Exercise description: From the line with "x \<le> sup" through the line with "using atom_le_iff_inf_nonzero by (metis inf_sup_distrib1", inclusive, return each line of the data below exactly and leave the rest out.

|---|

(* Every diversity atom x satisfies t;x \<ge> 0' for at least two atoms t of the flexible trio, so
  any two diversity atoms x, y have a common such t. In a 1-point extension the new point is
  joined to i by x, to j by y and to every other point by t; every triangle through the new
  point then involves t;x, t;y or t;t, all of which contain 0'.

  The same choice yields a representation directly. Its points are terms: an origin, and for
  points p, q and diversity atoms x, y such that the label of pq lies below x;y, a new point
  joined to p by x and to q by y. Two points not joined this way are labelled by the trio atom
  chosen at the larger one, which is compatible with all edges from that point to the two
  points it was built from. Then every triangle is consistent and every consistent triangle
  over an edge is witnessed, i.e. the labelling is a perfect network, and the relations it
  induces represent the algebra. *)

section \<open>Symmetric integral relation algebras\<close>

lemma atom_nonzero: "is_atom x \<Longrightarrow> x \<noteq> bot"
  unfolding is_atom_def by simp

lemma atom_le_iff_inf_nonzero: "is_atom x \<Longrightarrow> x \<le> y \<longleftrightarrow> inf x y \<noteq> bot"
  unfolding is_atom_def by (metis inf.cobounded1 inf.absorb_iff1)

lemma atom_le_atom_iff: "is_atom x \<Longrightarrow> is_atom y \<Longrightarrow> x \<le> y \<longleftrightarrow> x = y"
  unfolding is_atom_def by blast

lemma atom_le_sup_iff: "is_atom x \<Longrightarrow> x \<le> sup y z \<longleftrightarrow> x \<le> y \<or> x \<le> z"
  using atom_le_iff_inf_nonzero by (metis inf_sup_distrib1 le_supI1 le_supI2 sup_bot.right_neutral)

lemma atom_le_compl_iff: "is_atom x \<Longrightarrow> x \<le> - y \<longleftrightarrow> \<not> x \<le> y"
  using atom_le_iff_inf_nonzero by (metis inf_shunt le_iff_inf)

lemma relation_on_image_eqI:
  assumes "A \<subseteq> f ` P \<times> f ` P" "B \<subseteq> f ` P \<times> f ` P"
    and "\<And>p q. p \<in> P \<Longrightarrow> q \<in> P \<Longrightarrow> (f p, f q) \<in> A \<longleftrightarrow> (f p, f q) \<in> B"
  shows "A = B"
proof (intro equalityI subsetI)
  fix z assume "z \<in> A"
  with assms(1,3) show "z \<in> B" by blast
next
  fix z assume "z \<in> B"
  with assms(2,3) show "z \<in> A" by blast
qed

locale symmetric_integral_ra =
  fixes e :: "'a::boolean_algebra" and cp :: "'a \<Rightarrow> 'a \<Rightarrow> 'a"
  assumes cp_commute: "cp x y = cp y x"
    and cp_sup_left: "cp (sup x y) z = sup (cp x z) (cp y z)"
    and cp_unit: "cp x e = x"
    and cp_tarski: "sup (cp x (- cp x y)) (- y) = - y"
    and atomic: "x \<noteq> bot \<Longrightarrow> \<exists>y. is_atom y \<and> y \<le> x"
    and atom_e: "is_atom e"
begin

|---|

Reply to the task:
lemma atom_le_sup_iff: "is_atom x \<Longrightarrow> x \<le> sup y z \<longleftrightarrow> x \<le> y \<or> x \<le> z"
  using atom_le_iff_inf_nonzero by (metis inf_sup_distrib1 le_supI1 le_supI2 sup_bot.right_neutral)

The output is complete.